This GCP compliance training course provides a solid understanding of GCP requirements and a clinical compliance overview for clinical trials. The FDA supports clinical trial sponsors to use risk-based site monitoring. That's a plus for many sponsors, but you have to have the quality risk management system in place to make it work. This course teaches you how to ensure that your data and supporting documentation are completely accurate, factual and in the appropriate format for company and regulatory authorities. This will include practical knowledge on how to implement a risk-based monitoring approach to quality in clinical trials.

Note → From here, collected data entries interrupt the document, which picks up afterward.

lemma weight_mgf_le:
  assumes \<beta>: "is_dist m \<beta>" and \<alpha>: "\<forall>j\<in>{1..m}. 0 \<le> \<alpha> j \<and> \<alpha> j \<le> c" and \<theta>: "\<bar>\<theta>\<bar> * c \<le> 1"
  shows "seq_expectation m b \<beta> (\<lambda>B. exp (\<theta> * weight \<alpha> B))
     \<le> exp (\<theta> * (real b * collision m \<alpha> \<beta>) + real b * \<theta>\<^sup>2 * c * collision m \<alpha> \<beta>)"
proof -
  define g where "g = collision m \<alpha> \<beta>"
  have prod: "exp (\<theta> * weight \<alpha> B) = prod_list (map (\<lambda>j. exp (\<theta> * \<alpha> j)) B)" for B
    by (induction B) (auto simp: weight_def exp_add distrib_left)
  have "(\<Sum>j\<in>{1..m}. \<beta> j * exp (\<theta> * \<alpha> j))
      \<le> (\<Sum>j\<in>{1..m}. \<beta> j * (1 + \<theta> * \<alpha> j + \<theta>\<^sup>2 * c * \<alpha> j))"
  proof (intro sum_mono mult_left_mono)
    fix j assume j: "j \<in> {1..m}"
    then have a: "0 \<le> \<alpha> j" "\<alpha> j \<le> c" using \<alpha> by auto
    have "\<theta> * \<alpha> j \<le> \<bar>\<theta>\<bar> * \<alpha> j" using a by (intro mult_right_mono) auto
    also have "\<dots> \<le> \<bar>\<theta>\<bar> * c" using a by (intro mult_left_mono) auto
    finally have "\<theta> * \<alpha> j \<le> \<bar>\<theta>\<bar> * c" .
    then have "exp (\<theta> * \<alpha> j) \<le> 1 + \<theta> * \<alpha> j + (\<theta> * \<alpha> j)\<^sup>2"
      using \<theta> by (intro exp_le_quadratic) linarith
    also have "(\<theta> * \<alpha> j)\<^sup>2 \<le> \<theta>\<^sup>2 * c * \<alpha> j"
    proof -
      have "\<alpha> j * \<alpha> j \<le> c * \<alpha> j" using a by (intro mult_right_mono)
      then have "\<theta>\<^sup>2 * (\<alpha> j * \<alpha> j) \<le> \<theta>\<^sup>2 * (c * \<alpha> j)" by (intro mult_left_mono) auto
      then show ?thesis by (simp add: power_mult_distrib power2_eq_square mult_ac)
    qed
    finally show "exp (\<theta> * \<alpha> j) \<le> 1 + \<theta> * \<alpha> j + \<theta>\<^sup>2 * c * \<alpha> j" by simp
    show "0 \<le> \<beta> j" using \<beta> j by (simp add: is_dist_def)
  qed
  also have "\<dots> = (\<Sum>j\<in>{1..m}. \<beta> j) + \<theta> * (\<Sum>j\<in>{1..m}. \<alpha> j * \<beta> j)
      + \<theta>\<^sup>2 * c * (\<Sum>j\<in>{1..m}. \<alpha> j * \<beta> j)"
    by (simp add: sum.distrib sum_distrib_left algebra_simps)
  also have "\<dots> = 1 + (\<theta> * g + \<theta>\<^sup>2 * c * g)"
    using \<beta> by (simp add: is_dist_def g_def collision_def)
  also have "\<dots> \<le> exp (\<theta> * g + \<theta>\<^sup>2 * c * g)" by (rule exp_ge_add_one_self)
  finally have "(\<Sum>j\<in>{1..m}. \<beta> j * exp (\<theta> * \<alpha> j)) ^ b \<le> exp (real b * (\<theta> * g + \<theta>\<^sup>2 * c * g))"
    using \<beta> by (intro power_le_exp_mult sum_nonneg) (auto simp: is_dist_def)
  also have "\<dots> = exp (\<theta> * (real b * g) + real b * \<theta>\<^sup>2 * c * g)" by (simp add: algebra_simps)
  finally show ?thesis unfolding prod seq_expectation_prod_list g_def .
qed

lemma weight_upper_tail:
  assumes "is_dist m \<beta>" "\<forall>j\<in>{1..m}. 0 \<le> \<alpha> j \<and> \<alpha> j \<le> c" "0 \<le> \<theta>" "\<theta> * c \<le> 1"
  shows "seq_expectation m b \<beta> (\<lambda>B. of_bool (real b * collision m \<alpha> \<beta> + D \<le> weight \<alpha> B))
     \<le> exp (real b * \<theta>\<^sup>2 * c * collision m \<alpha> \<beta> - \<theta> * D)"
  using assms by (intro chernoff_bound weight_mgf_le) auto

lemma weight_lower_tail:
  assumes "is_dist m \<beta>" "\<forall>j\<in>{1..m}. 0 \<le> \<alpha> j \<and> \<alpha> j \<le> c" "0 \<le> \<theta>" "\<theta> * c \<le> 1"
  shows "seq_expectation m b \<beta> (\<lambda>B. of_bool (weight \<alpha> B \<le> real b * collision m \<alpha> \<beta> - D))
     \<le> exp (real b * \<theta>\<^sup>2 * c * collision m \<alpha> \<beta> - \<theta> * D)"
proof -
  have mgf: "seq_expectation m b \<beta> (\<lambda>B. exp (\<theta> * - weight \<alpha> B))
      \<le> exp (\<theta> * - (real b * collision m \<alpha> \<beta>) + real b * \<theta>\<^sup>2 * c * collision m \<alpha> \<beta>)"
    using weight_mgf_le[OF assms(1,2), of "- \<theta>" b] assms(3,4) by simp
  have event: "(\<lambda>B. of_bool (weight \<alpha> B \<le> real b * collision m \<alpha> \<beta> - D))
      = (\<lambda>B. of_bool (- (real b * collision m \<alpha> \<beta>) + D \<le> - weight \<alpha> B))"
    by (rule ext, rule arg_cong[where f = of_bool]) linarith
  show ?thesis unfolding event by (rule chernoff_bound[OF assms(1,3) mgf])
qed
(* The exposure difference $ED$ satisfies boundedness, whereas none of the exposure metrics $ER$, $DTD$, $DTR$, $DID$, $DIR$ satisfies boundedness. Here a metric $m$ satisfies boundedness if there are $v_{\min},v_{\max}\in\mathbb R$ such that for every population $\mathcal D$, every candidate set $D\subseteq\mathcal D$ and every ranking $r$ of $D$, the value $m(r)$ is well-defined and $v_{\min}\le m(r)\le v_{\max}$.
   Context: A population is a finite set $\mathcal{D}$ of candidates partitioned into two nonempty groups, a non-protected group $G_0$ and a protected group $G_1$; each candidate $d$ has a relevance score $y(d)\in\mathbb R$. For a candidate set $D\subseteq\mathcal D$ with $n=|D|$, a ranking is a bijection $r:\{1,\dots,n\}\to D$ and $r^{-1}(d)$ is the position of $d$. Position bias $b(k)=1/\log_2(k+1)$. Exposure metrics: for $G\in\{G_0,G_1\}$, $\mathrm{Exposure}(G|r)=\frac{1}{|G|}\sum_{d\in G\cap D} b(r^{-1}(d))$, $Y(G)=\frac1{|G|}\sum_{d\in G}y(d)$, $CTR(G|r)=\frac1{|G|}\sum_{d\in G\cap D} b(r^{-1}(d))\,y(d)$ ($|G|$ is the group size in the whole population). $ED(r)=\mathrm{Exposure}(G_1|r)-\mathrm{Exposure}(G_0|r)$, $ER(r)=\mathrm{Exposure}(G_1|r)/\mathrm{Exposure}(G_0|r)$, $DTD(r)=\frac{\mathrm{Exposure}(G_1|r)}{Y(G_1)}-\frac{\mathrm{Exposure}(G_0|r)}{Y(G_0)}$, $DTR(r)=\frac{\mathrm{Exposure}(G_1|r)}{\mathrm{Exposure}(G_0|r)}\cdot\frac{Y(G_0)}{Y(G_1)}$, $DID(r)=\frac{CTR(G_1|r)}{Y(G_1)}-\frac{CTR(G_0|r)}{Y(G_0)}$, $DIR(r)=\frac{CTR(G_1|r)}{CTR(G_0|r)}\cdot\frac{Y(G_0)}{Y(G_1)}$. *)

theory Defs
  imports Complex_Main
begin

text \<open>Candidates are represented by natural numbers (any finite population is
isomorphic to one drawn from nat). A population is given by the two disjoint,
nonempty, finite groups G0 (non-protected) and G1 (protected); the population
is their union. y is the relevance score.\<close>

type_synonym metric =
  "nat set \<Rightarrow> nat set \<Rightarrow> (nat \<Rightarrow> real) \<Rightarrow> nat set \<Rightarrow> (nat \<Rightarrow> nat) \<Rightarrow> real option"

definition valid_setting ::
  "nat set \<Rightarrow> nat set \<Rightarrow> (nat \<Rightarrow> real) \<Rightarrow> nat set \<Rightarrow> (nat \<Rightarrow> nat) \<Rightarrow> bool" where
  "valid_setting G0 G1 y D r \<longleftrightarrow>
     finite G0 \<and> finite G1 \<and> G0 \<noteq> {} \<and> G1 \<noteq> {} \<and> G0 \<inter> G1 = {} \<and>
     D \<subseteq> G0 \<union> G1 \<and> bij_betw r {1..card D} D"

definition pos_bias :: "nat \<Rightarrow> real" where
  "pos_bias k = 1 / log 2 (real k + 1)"

definition position :: "nat set \<Rightarrow> (nat \<Rightarrow> nat) \<Rightarrow> nat \<Rightarrow> nat" where
  "position D r d = inv_into {1..card D} r d"

definition exposure :: "nat set \<Rightarrow> nat set \<Rightarrow> (nat \<Rightarrow> nat) \<Rightarrow> real" where
  "exposure G D r = (1 / real (card G)) * (\<Sum>d\<in>G \<inter> D. pos_bias (position D r d))"

definition avg_rel :: "nat set \<Rightarrow> (nat \<Rightarrow> real) \<Rightarrow> real" where
  "avg_rel G y = (1 / real (card G)) * (\<Sum>d\<in>G. y d)"

definition ctr :: "nat set \<Rightarrow> (nat \<Rightarrow> real) \<Rightarrow> nat set \<Rightarrow> (nat \<Rightarrow> nat) \<Rightarrow> real" where
  "ctr G y D r = (1 / real (card G)) * (\<Sum>d\<in>G \<inter> D. pos_bias (position D r d) * y d)"

text \<open>Metrics return None when a division by zero makes them undefined.\<close>

definition ED :: metric where
  "ED G0 G1 y D r = Some (exposure G1 D r - exposure G0 D r)"

definition ER :: metric where
  "ER G0 G1 y D r =
     (if exposure G0 D r = 0 then None else Some (exposure G1 D r / exposure G0 D r))"

definition DTD :: metric where
  "DTD G0 G1 y D r =
     (if avg_rel G1 y = 0 \<or> avg_rel G0 y = 0 then None
      else Some (exposure G1 D r / avg_rel G1 y - exposure G0 D r / avg_rel G0 y))"

definition DTR :: metric where
  "DTR G0 G1 y D r =
     (if exposure G0 D r = 0 \<or> avg_rel G1 y = 0 then None
      else Some ((exposure G1 D r / exposure G0 D r) * (avg_rel G0 y / avg_rel G1 y)))"

definition DID :: metric where
  "DID G0 G1 y D r =
     (if avg_rel G1 y = 0 \<or> avg_rel G0 y = 0 then None
      else Some (ctr G1 y D r / avg_rel G1 y - ctr G0 y D r / avg_rel G0 y))"

definition DIR :: metric where
  "DIR G0 G1 y D r =
     (if ctr G0 y D r = 0 \<or> avg_rel G1 y = 0 then None
      else Some ((ctr G1 y D r / ctr G0 y D r) * (avg_rel G0 y / avg_rel G1 y)))"

definition satisfies_boundedness :: "metric \<Rightarrow> bool" where
  "satisfies_boundedness m \<longleftrightarrow>
     (\<exists>vmin vmax :: real. \<forall>G0 G1 y D r. valid_setting G0 G1 y D r \<longrightarrow>
        (\<exists>v. m G0 G1 y D r = Some v \<and> vmin \<le> v \<and> v \<le> vmax))"

end

theory Submission
  imports Defs
begin

text \<open>Exposures are averages of position biases, which lie in [0, 1]; hence ED always lies
in [-1, 1]. Each of the other metrics divides by an exposure, an average relevance or a
click-through rate, and all of these vanish for the empty candidate set with all relevances
zero, so those metrics are not even well-defined on every setting.\<close>

lemma pos_bias_nonneg: "0 \<le> pos_bias k"
  by (simp add: pos_bias_def)

text \<open>The case k = 0 holds only because 1 / 0 = 0; positions start at 1.\<close>

lemma pos_bias_le_1: "pos_bias k \<le> 1"
proof (cases "k = 0")
  case True
  then show ?thesis by (simp add: pos_bias_def)
next
  case False
  then have "log 2 2 \<le> log 2 (real k + 1)"
    by (subst log_le_cancel_iff) auto
  then show ?thesis by (simp add: pos_bias_def)
qed

lemma exposure_nonneg: "0 \<le> exposure G D r"
  unfolding exposure_def by (simp add: sum_nonneg pos_bias_nonneg)

lemma exposure_le_1:
  assumes "finite G"
  shows "exposure G D r \<le> 1"
proof -
  have "(\<Sum>d\<in>G \<inter> D. pos_bias (position D r d)) \<le> real (card (G \<inter> D))"
    using sum_bounded_above[of "G \<inter> D" "\<lambda>d. pos_bias (position D r d)" 1]
    by (simp add: pos_bias_le_1)
  also have "\<dots> \<le> real (card G)"
    using assms by (simp add: card_mono)
  finally show ?thesis
    using assms by (simp add: exposure_def divide_le_eq_1 card_gt_0_iff)
qed

lemma satisfies_boundedness_ED: "satisfies_boundedness ED"
  unfolding satisfies_boundedness_def
proof (rule exI[of _ "-1"], rule exI[of _ 1], intro allI impI)
  fix G0 G1 y D r
  assume "valid_setting G0 G1 y D r"
  then have "finite G0" "finite G1"
    by (simp_all add: valid_setting_def)
  then have "exposure G1 D r - exposure G0 D r \<in> {-1..1}"
    using exposure_nonneg[of G0 D r] exposure_nonneg[of G1 D r]
      exposure_le_1[of G0 D r] exposure_le_1[of G1 D r] by simp
  then show "\<exists>v. ED G0 G1 y D r = Some v \<and> - 1 \<le> v \<and> v \<le> 1"
    by (simp add: ED_def)
qed

lemma not_satisfies_boundedness_if_undefined:
  assumes "valid_setting G0 G1 y D r" and "m G0 G1 y D r = None"
  shows "\<not> satisfies_boundedness m"
  using assms unfolding satisfies_boundedness_def by force

lemma valid_setting_empty_ranking: "valid_setting {0} {1} y {} r"
  by (simp add: valid_setting_def bij_betw_def)

lemma exposure_empty [simp]: "exposure G {} r = 0"
  by (simp add: exposure_def)

lemma ctr_empty [simp]: "ctr G y {} r = 0"
  by (simp add: ctr_def)

lemma avg_rel_zero [simp]: "avg_rel G (\<lambda>_. 0) = 0"
  by (simp add: avg_rel_def)

theorem theorem3:
  shows "satisfies_boundedness ED \<and> \<not> satisfies_boundedness ER \<and>
         \<not> satisfies_boundedness DTD \<and> \<not> satisfies_boundedness DTR \<and>
         \<not> satisfies_boundedness DID \<and> \<not> satisfies_boundedness DIR"
proof (intro conjI satisfies_boundedness_ED)
  note unbounded_if_undefined =
    not_satisfies_boundedness_if_undefined[OF valid_setting_empty_ranking,
      where y = "\<lambda>_. 0" and r = id]
  show "\<not> satisfies_boundedness ER" by (rule unbounded_if_undefined) (simp add: ER_def)
  show "\<not> satisfies_boundedness DTD" by (rule unbounded_if_undefined) (simp add: DTD_def)
  show "\<not> satisfies_boundedness DTR" by (rule unbounded_if_undefined) (simp add: DTR_def)
  show "\<not> satisfies_boundedness DID" by (rule unbounded_if_undefined) (simp add: DID_def)
  show "\<not> satisfies_boundedness DIR" by (rule unbounded_if_undefined) (simp add: DIR_def)
qed

end
text \<open>Positivity of \<open>\<tau>\<close> on positive elements comes from normality, applied to the directed
  family \<open>{0, h}\<close> whose supremum is \<open>h\<close>.\<close>

lemma tau_nonneg_of_pos:
  assumes h: "h \<in> A" "self_adjoint h" "op_pos h"
  shows "Re (\<tau> h) \<ge> 0"
proof -
  have pos_zero: "op_pos op_zero" by (simp add: op_pos_def op_zero_def nonneg_complex_def)
  have sa_zero: "self_adjoint op_zero" by (simp add: self_adjoint_def bdd_op_zero adj_op_zero)
  have "op_sub h op_zero = h" "op_sub h h = op_zero" by (simp_all add: op_sub_def op_zero_def)
  then have le: "op_le op_zero h" "op_le h h" using h(3) pos_zero by (simp_all add: op_le_def)
  have "normal_functional A \<tau>" using tracial by (simp add: tracial_W_prob_space_def)
  then have "Re (\<tau> h) = Sup ((\<lambda>d. Re (\<tau> d)) ` {op_zero, h})"
    unfolding normal_functional_def using A_zero h sa_zero pos_zero le
    by (elim allE[of _ "{op_zero, h}"] allE[of _ h]) auto
  also have "\<dots> = max 0 (Re (\<tau> h))" by (simp add: tau_zero cSup_insert sup_max)
  finally show ?thesis by simp
qed

definition tr_inner :: "'i op \<Rightarrow> 'i op \<Rightarrow> complex" where
  "tr_inner X Y = \<tau> (adj X \<circ> Y)"

lemma norm2_eq: "norm2 \<tau> X = sqrt (Re (tr_inner X X))"
  by (simp add: norm2_def tr_inner_def)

Attendees will gain experience in proven techniques for detecting, correcting and preventing clinical study deficiencies at domestic and international clinical sites by maximizing risk-based considerations. Included in the course work are practical examples and a roadmap for evaluating SOPs, consent forms, investigator brochures and source documents through presentation and interactive case studies.
Who Should Attend
This two-day course will benefit those involved in the monitoring and/or QA of clinical trials. Employees who work for Pharmaceutical or Biological firms, Contract Research Organizations, Medical Device companies and academic institutions involved with the supervision or oversight of clinical trial practices and policies will find this course of interest.
By the end of this course, participants will have a detailed understanding of how to:
- Identify and define the principles and requirements for GCPsDefine the roles and responsibilities of sponsor, monitor,
- investigators and FDA as they relate to the quality of clinical trials
- Recognize clinical trial documentation differences for drug, device, and biologic studies
- Define risk-based monitoring and how to implement plans and maximize the quality in a risk-based environment
- Put into practice the regulatory, source documentation and record-keeping requirements for clinical trials
- Understand what happens during a GCP inspection
- Detect and prevent fraud and misconduct in clinical trials
- Ensure that your data and supporting documentation are accurate and in the right format for inspectors
Frequently Asked Questions
What does Monitoring mean for clinical trials?
Monitoring is the ongoing process of overseeing a study to ensure patient safety, data quality, protocol compliance, and regulatory compliance. It includes all of the activities performed to assure the quality of the study data and safety and integrity of the conduct and the subjects involved in the study.
Is a company required to perform 100% monitoring or SDV for a study to be acceptable to FDA?
The FDA has never required a company perform 100% monitoring or source data verification (SDV) of the study data. This was a standard developed as an industry practice to assure the highest quality data. This was started at a time before the use of computers and electronic technology to assist with the assurance of quality data. Many alternatives to performing 100% SDV that can also provide high quality data and a complaint study.
How is remote monitoring performed and what does this mean?
Remote monitoring includes all of the processes and systems we use to oversee the performance and quality of the study data. It does not mean you sit in your office and do the same activities you used to do on site from a remote location. Remote monitoring encompasses a different set of tools and approaches to assure the quality of the study data, including the use electronic technology to assist in the process, coupled with some source data verification.